Regulations of the Energy Planning and Transition Law
This regulation establishes a binding energy planning framework involving not only the electricity sector but also hydrocarbons, biofuels, and geothermal energy. Unlike the previous regime, which focused on indicative goals for clean energy and energy efficiency, SENER now assumes a predominant role, with the authority to condition the granting of permits, contracts, and concessions on compliance with the new planning instruments.
Furthermore, it creates bodies such as the Energy Planning Council and specialized technical committees responsible for coordinating the formulation, monitoring, and updating of strategic programs within short, medium, and long-term horizons.
The new regulation prioritizes energy sovereignty and self-sufficiency, social justice, the reduction of energy poverty, and the prevention of private sector predominance in electricity generation.
It also incorporates quantifiable and mandatory targets related to electrification, biofuels, methane capture, and technological innovation, all aligned with Mexico's international commitments. For participants in the sector, this new framework entails a more centralized, predictable, and strategic regulatory environment, where investment decisions must strictly align with State planning directives and the country's long-term policy objectives.
Regulations of the Hydrocarbons Revenue Law
The regulation provides that assignments shall constitute the general rule for the exploration and extraction of hydrocarbons, while the bidding of areas shall only proceed on an exceptional basis, reaffirming the State's direct ownership. Likewise, the Ministry's annual report shall be limited to such areas, and in the event of bidding, the Ministry must submit the corresponding technical information to the Ministry of Finance and Public Credit (SHCP) in accordance with the coordination agreements in force.
The figure of minimum and maximum values in the awarding process is maintained, reinforcing the safeguarding mechanism through sealed envelopes, opened in the presence of a notary public under strict confidentiality until the opening of proposals. Alternatively, early disclosure is permitted through an official communication to SENER for electronic publication at least ten business days in advance.

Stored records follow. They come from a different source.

lemma discrete_damped_wave_energy_identity:
  fixes x :: "nat \<Rightarrow> complex" and g :: "nat \<Rightarrow> real" and h :: real
  assumes "\<And>i. i < n \<Longrightarrow> (\<Sum>j<n. of_real (tridiagA N i j) * x j) / of_real (h\<^sup>2)
      - of_real (g i) * (\<mu> * x i) = \<mu>\<^sup>2 * x i"
  shows "of_real ((\<Sum>i\<le>n. (cmod (zero_padded n x (i + 1) - zero_padded n x i))\<^sup>2) / h\<^sup>2)
    + \<mu> * of_real (\<Sum>i<n. g i * (cmod (x i))\<^sup>2) + \<mu>\<^sup>2 * of_real (\<Sum>i<n. (cmod (x i))\<^sup>2) = 0"
proof -
  define P where "P = (\<Sum>i\<le>n. (cmod (zero_padded n x (i + 1) - zero_padded n x i))\<^sup>2)"
  define G where "G = (\<Sum>i<n. g i * (cmod (x i))\<^sup>2)"
  define X where "X = (\<Sum>i<n. (cmod (x i))\<^sup>2)"
  define T where "T i = (\<Sum>j<n. of_real (tridiagA N i j) * x j)" for i
  have "(\<Sum>i<n. cnj (x i) * T i) / of_real (h\<^sup>2) - \<mu> * (\<Sum>i<n. of_real (g i) * (cnj (x i) * x i))
      = (\<Sum>i<n. cnj (x i) * (T i / of_real (h\<^sup>2) - of_real (g i) * (\<mu> * x i)))"
    unfolding sum_divide_distrib sum_distrib_left sum_subtractf[symmetric]
    by (intro sum.cong) (simp_all add: algebra_simps)
  also have "\<dots> = (\<Sum>i<n. cnj (x i) * (\<mu>\<^sup>2 * x i))"
    using assms by (intro sum.cong) (simp_all add: T_def)
  also have "\<dots> = \<mu>\<^sup>2 * (\<Sum>i<n. cnj (x i) * x i)"
    unfolding sum_distrib_left by (intro sum.cong) (simp_all add: algebra_simps)
  finally have "- of_real P / of_real (h\<^sup>2) - \<mu> * of_real G = \<mu>\<^sup>2 * of_real X"
    unfolding T_def tridiagA_quadratic_form cnj_mult_self P_def G_def X_def by simp
  from this[symmetric] show ?thesis
    unfolding P_def[symmetric] G_def[symmetric] X_def[symmetric] of_real_divide by simp
qed

lemma blockM_carrier_mat: "blockM N a h \<gamma> \<in> carrier_mat (2 * (N - 1)) (2 * (N - 1))"
  unfolding blockM_def by simp

lemma blockM_mult_vec_nth:
  assumes "v \<in> carrier_vec (2 * (N - 1))" "i < 2 * (N - 1)"
  shows "(blockM N a h \<gamma> *\<^sub>v v) $ i = (\<Sum>j<N - 1. blockM N a h \<gamma> $$ (i, j) * v $ j)
    + (\<Sum>j<N - 1. blockM N a h \<gamma> $$ (i, N - 1 + j) * v $ (N - 1 + j))"
proof -
  have "(blockM N a h \<gamma> *\<^sub>v v) $ i = (\<Sum>j<(N - 1) + (N - 1). blockM N a h \<gamma> $$ (i, j) * v $ j)"
    using assms blockM_carrier_mat[of N a h \<gamma>]
    by (simp add: scalar_prod_def lessThan_atLeast0 mult_2)
  then show ?thesis
    by (simp only: sum_lessThan_add_split)
qed

lemma blockM_mult_vec_upper:
  assumes "v \<in> carrier_vec (2 * (N - 1))" "i < N - 1"
  shows "(blockM N a h \<gamma> *\<^sub>v v) $ i = v $ (N - 1 + i)"
proof -
  have "(\<Sum>j<N - 1. blockM N a h \<gamma> $$ (i, j) * v $ j) = 0"
    using assms(2) by (intro sum.neutral) (auto simp: blockM_def)
  moreover have "(\<Sum>j<N - 1. blockM N a h \<gamma> $$ (i, N - 1 + j) * v $ (N - 1 + j))
      = (\<Sum>j<N - 1. if j = i then v $ (N - 1 + j) else 0)"
    using assms(2) by (intro sum.cong) (auto simp: blockM_def)
  ultimately show ?thesis
    using assms by (simp add: blockM_mult_vec_nth)
qed

lemma blockM_mult_vec_lower:
  assumes "v \<in> carrier_vec (2 * (N - 1))" "i < N - 1"
  shows "(blockM N a h \<gamma> *\<^sub>v v) $ (N - 1 + i)
    = (\<Sum>j<N - 1. of_real (tridiagA N i j) * v $ j) / of_real (h\<^sup>2)
      - of_real (\<gamma> (a + real (i + 1) * h)) * v $ (N - 1 + i)"
proof -
  have "(\<Sum>j<N - 1. blockM N a h \<gamma> $$ (N - 1 + i, j) * v $ j)
      = (\<Sum>j<N - 1. of_real (tridiagA N i j) * v $ j) / of_real (h\<^sup>2)"
    unfolding sum_divide_distrib using assms(2) by (intro sum.cong) (auto simp: blockM_def)
  moreover have "(\<Sum>j<N - 1. blockM N a h \<gamma> $$ (N - 1 + i, N - 1 + j) * v $ (N - 1 + j))
      = (\<Sum>j<N - 1. if j = i then - of_real (\<gamma> (a + real (i + 1) * h)) * v $ (N - 1 + j) else 0)"
    using assms(2) by (intro sum.cong) (auto simp: blockM_def add.commute)
  ultimately show ?thesis
    using assms by (simp add: blockM_mult_vec_nth)
qed

lemma blockM_eigenvalue_Re_nonpos:
  assumes damping: "\<forall>i<N - 1. \<gamma> (a + real (i + 1) * h) \<ge> 0"
    and "eigenvalue (blockM N a h \<gamma>) \<mu>"
  shows "Re \<mu> \<le> 0"
proof -
  define n where "n = N - 1"
  obtain v where v: "v \<in> carrier_vec (2 * n)" "v \<noteq> 0\<^sub>v (2 * n)"
      and eigen: "blockM N a h \<gamma> *\<^sub>v v = \<mu> \<cdot>\<^sub>v v"
    using assms(2) blockM_carrier_mat[of N a h \<gamma>]
    unfolding eigenvalue_def eigenvector_def n_def by auto
  define x where "x i = v $ i" for i
  define g where "g i = \<gamma> (a + real (i + 1) * h)" for i
  have velocity: "v $ (n + i) = \<mu> * x i" if "i < n" for i
    using arg_cong[OF eigen, of "\<lambda>w. w $ i"] blockM_mult_vec_upper[of v N i a h \<gamma>] v(1) that
    by (simp add: n_def x_def)
  have wave: "(\<Sum>j<n. of_real (tridiagA N i j) * x j) / of_real (h\<^sup>2) - of_real (g i) * (\<mu> * x i)
      = \<mu>\<^sup>2 * x i" if "i < n" for i
    using arg_cong[OF eigen, of "\<lambda>w. w $ (n + i)"] blockM_mult_vec_lower[of v N i a h \<gamma>]
      velocity[OF that] v(1) that
    by (simp add: n_def x_def g_def power2_eq_square)
  have "\<exists>i<n. x i \<noteq> 0"
  proof (rule ccontr)
    assume "\<not> (\<exists>i<n. x i \<noteq> 0)"
    then have "v $ i = 0" if "i < 2 * n" for i
      using velocity[of "i - n"] that by (cases "i < n") (auto simp: x_def)
    then have "v = 0\<^sub>v (2 * n)"
      using v(1) by (intro eq_vecI) auto
    with v(2) show False ..
  qed
  then have "(\<Sum>i<n. (cmod (x i))\<^sup>2) > 0"
    by (auto intro: sum_pos2)
  moreover have "(\<Sum>i\<le>n. (cmod (zero_padded n x (i + 1) - zero_padded n x i))\<^sup>2) / h\<^sup>2 \<ge> 0"
    by (intro divide_nonneg_nonneg sum_nonneg) auto
  moreover have "(\<Sum>i<n. g i * (cmod (x i))\<^sup>2) \<ge> 0"
    using damping by (intro sum_nonneg mult_nonneg_nonneg) (auto simp: g_def n_def)
  ultimately show ?thesis
    using Re_nonpos_if_damped_quadratic_root discrete_damped_wave_energy_identity[OF wave] by blast
qed

lemma smult_mat_mult_vec:
  fixes A :: "'a::comm_ring_1 mat"
  shows "A \<in> carrier_mat n m \<Longrightarrow> v \<in> carrier_vec m \<Longrightarrow> (c \<cdot>\<^sub>m A) *\<^sub>v v = c \<cdot>\<^sub>v (A *\<^sub>v v)"
  by (intro eq_vecI) (auto simp: scalar_prod_def sum_distrib_left mult.assoc)

lemma one_add_smult_mat_mult_vec:
  fixes M :: "'a::comm_ring_1 mat"
  shows "M \<in> carrier_mat n n \<Longrightarrow> v \<in> carrier_vec n
    \<Longrightarrow> (1\<^sub>m n + c \<cdot>\<^sub>m M) *\<^sub>v v = v + c \<cdot>\<^sub>v (M *\<^sub>v v)"
  by (subst add_mult_distrib_mat_vec[of _ n n]) (auto simp: smult_mat_mult_vec)

lemma one_diff_smult_mat_mult_vec:
  fixes M :: "'a::comm_ring_1 mat"
  shows "M \<in> carrier_mat n n \<Longrightarrow> v \<in> carrier_vec n
    \<Longrightarrow> (1\<^sub>m n - c \<cdot>\<^sub>m M) *\<^sub>v v = v - c \<cdot>\<^sub>v (M *\<^sub>v v)"
  by (subst minus_mult_distrib_mat_vec[of _ n n]) (auto simp: smult_mat_mult_vec)

lemma invertible_mat_if_mat_inverse_eq_Some:
  assumes "A \<in> carrier_mat n n" and "mat_inverse A = Some B"
  shows "invertible_mat A"
  using mat_inverse(2)[OF assms] assms(1) unfolding invertible_mat_def inverts_mat_def by auto

lemma mat_inverse_one_diff_smult_exists:
  fixes M :: "complex mat" and c :: real
  assumes M: "M \<in> carrier_mat n n" and "c > 0"
    and spectrum: "\<And>\<mu>. eigenvalue M \<mu> \<Longrightarrow> Re \<mu> \<le> 0"
  obtains B where "mat_inverse (1\<^sub>m n - of_real c \<cdot>\<^sub>m M) = Some B"
proof -
  define L where "L = 1\<^sub>m n - of_real c \<cdot>\<^sub>m M"
  have L: "L \<in> carrier_mat n n"
    unfolding L_def using M by auto
  have "det L \<noteq> 0"
  proof
    assume "det L = 0"
    then obtain v where v: "v \<in> carrier_vec n" "v \<noteq> 0\<^sub>v n" "L *\<^sub>v v = 0\<^sub>v n"
      using det_0_iff_vec_prod_zero[OF L] by auto
    have "M *\<^sub>v v = of_real (1 / c) \<cdot>\<^sub>v v"
    proof (rule eq_vecI)
      fix i
      assume "i < dim_vec (of_real (1 / c) \<cdot>\<^sub>v v)"
      then have i: "i < n"
        using v(1) by simp
      have "v $ i - of_real c * (M *\<^sub>v v) $ i = 0"
        using arg_cong[OF v(3), of "\<lambda>w. w $ i"] i v(1) M
        by (simp add: L_def one_diff_smult_mat_mult_vec)
      then show "(M *\<^sub>v v) $ i = (of_real (1 / c) \<cdot>\<^sub>v v) $ i"
        using i v(1) \<open>c > 0\<close> by (simp add: field_simps)
    qed (use M v(1) in simp)
    then have "eigenvalue M (of_real (1 / c))"
      unfolding eigenvalue_def eigenvector_def using M v by auto
    with spectrum \<open>c > 0\<close> show False
      by fastforce
  qed
  show thesis
  proof (cases "mat_inverse L")
    case None
    with mat_inverse(1)[OF L None, of "()"] det_non_zero_imp_unit[OF L \<open>det L \<noteq> 0\<close>, of "()"]
    show ?thesis
      by simp
  qed (use that in \<open>simp add: L_def\<close>)
qed

lemma cayley_eigenvector:
  fixes M :: "complex mat" and c l :: complex
  assumes M: "M \<in> carrier_mat n n" and v: "v \<in> carrier_vec n" "v \<noteq> 0\<^sub>v n" and "c \<noteq> 0"
    and eigen: "(1\<^sub>m n + c \<cdot>\<^sub>m M) *\<^sub>v v = l \<cdot>\<^sub>v ((1\<^sub>m n - c \<cdot>\<^sub>m M) *\<^sub>v v)"
  shows "l \<noteq> -1" and "M *\<^sub>v v = ((l - 1) / (c * (1 + l))) \<cdot>\<^sub>v v"
proof -
  have entry: "v $ i + c * (M *\<^sub>v v) $ i = l * (v $ i - c * (M *\<^sub>v v) $ i)" if "i < n" for i
    using arg_cong[OF eigen, of "\<lambda>w. w $ i"] that M v(1)
    by (simp add: one_add_smult_mat_mult_vec one_diff_smult_mat_mult_vec)
  show "l \<noteq> -1"
  proof
    assume "l = -1"
    then have "v = 0\<^sub>v n"
      using entry v(1) by (intro eq_vecI) auto
    with v(2) show False ..
  qed
  then have "c * (1 + l) \<noteq> 0"
    using \<open>c \<noteq> 0\<close> by (auto simp: add_eq_0_iff)
  then show "M *\<^sub>v v = ((l - 1) / (c * (1 + l))) \<cdot>\<^sub>v v"
    using entry M v(1) by (intro eq_vecI) (auto simp: field_simps)
qed

lemma crank_nicolson_eigenvalue_norm_le_1:
  fixes M :: "complex mat" and c :: real
  assumes M: "M \<in> carrier_mat n n" and "c > 0"
    and spectrum: "\<And>\<mu>. eigenvalue M \<mu> \<Longrightarrow> Re \<mu> \<le> 0"
    and inverse: "mat_inverse (1\<^sub>m n - of_real c \<cdot>\<^sub>m M) = Some B"
    and "eigenvalue (B * (1\<^sub>m n + of_real c \<cdot>\<^sub>m M)) l"
  shows "cmod l \<le> 1"
proof -
  define L where "L = 1\<^sub>m n - of_real c \<cdot>\<^sub>m M"
  define R where "R = 1\<^sub>m n + of_real c \<cdot>\<^sub>m M"
  have L: "L \<in> carrier_mat n n" and R: "R \<in> carrier_mat n n"
    using M by (auto simp: L_def R_def)
  have B: "L * B = 1\<^sub>m n" "B \<in> carrier_mat n n"
    using mat_inverse(2)[OF L inverse[folded L_def]] by auto
  obtain v where v: "v \<in> carrier_vec n" "v \<noteq> 0\<^sub>v n" and eigen: "(B * R) *\<^sub>v v = l \<cdot>\<^sub>v v"
    using assms(5) B(2) unfolding eigenvalue_def eigenvector_def R_def[symmetric] by auto
  have "R *\<^sub>v v = (L * B) *\<^sub>v (R *\<^sub>v v)"
    using R v(1) by (simp add: B(1))
  also have "\<dots> = L *\<^sub>v ((B * R) *\<^sub>v v)"
    using L B(2) R v(1) by simp
  also have "\<dots> = l \<cdot>\<^sub>v (L *\<^sub>v v)"
    using L v(1) by (simp add: eigen mult_mat_vec)
  finally have "R *\<^sub>v v = l \<cdot>\<^sub>v (L *\<^sub>v v)" .
  moreover have c: "complex_of_real c \<noteq> 0"
    using \<open>c > 0\<close> by simp
  ultimately have "l \<noteq> -1" and Mv: "M *\<^sub>v v = ((l - 1) / (of_real c * (1 + l))) \<cdot>\<^sub>v v"
    using cayley_eigenvector[OF M v, of "of_real c" l] unfolding L_def R_def by auto
  define \<mu> where "\<mu> = (l - 1) / (of_real c * (1 + l))"
  have "eigenvalue M \<mu>"
    unfolding eigenvalue_def eigenvector_def \<mu>_def using M v Mv by auto
  then have "Re (of_real c * \<mu>) \<le> 0"
    using spectrum \<open>c > 0\<close> by (simp add: mult_nonneg_nonpos)
  moreover have "l * (1 - of_real c * \<mu>) = 1 + of_real c * \<mu>"
  proof -
    have "1 + l \<noteq> 0"
      using \<open>l \<noteq> -1\<close> by (auto simp: add_eq_0_iff)
    moreover have "of_real c * \<mu> = (l - 1) / (1 + l)"
      using c by (simp add: \<mu>_def)
    ultimately show ?thesis
      by (simp add: field_simps)
  qed
  ultimately show ?thesis
    by (rule cayley_norm_le_1)
qed

lemma grid_node_mem_interval:
  fixes a b :: real
  assumes "a \<le> b" and "i \<le> N"
  shows "a + real i * ((b - a) / real N) \<in> {a..b}"
proof -
  have "real i * ((b - a) / real N) \<le> b - a"
  proof (cases "N = 0")
    case False
    have "real i * ((b - a) / real N) \<le> real N * ((b - a) / real N)"
      using assms by (intro mult_right_mono) auto
    with False show ?thesis
      by simp
  qed (use assms in simp)
  then show ?thesis
    using assms by simp
qed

The regulation centralizes in SENER the main acts of administration and supervision derived from contracts, including registration with the Mexican Petroleum Fund, notification of amendments, terminations, or assignments within an extended period of one to three business days, and the exclusive custody of sensitive information derived from SHCP resolutions. Regarding the migration of assignments to contracts, Petróleos Mexicanos (PEMEX) is included, such that legal entities participating in bidding processes must obtain its favorable opinion in technical, financial, performance, and experience aspects.
The regulation provides for coordination between SENER and the Tax Administration Service (SAT) in verifications and audits subject to contractual and tax procedures, thereby eliminating the dispersion of technical powers.
Finally, the automatic update mechanism of exploration fees indexed to the National Consumer Price Index (INPC) is repealed, transferring its definition to statutory law or to SHCP regulations. Moreover, SENER assumes responsibility for the mapping of exploration and extraction areas as binding input for the calculation and transfer of resources from the Fund to producing states and municipalities.
In these terms, we suggest conducting an individual analysis of the operations carried out by each company, to identify possible effects or areas of opportunity generated by the publication of the aforementioned regulations.
The content of this article is intended to provide a general guide to the subject matter. Specialist advice should be sought about your specific circumstances.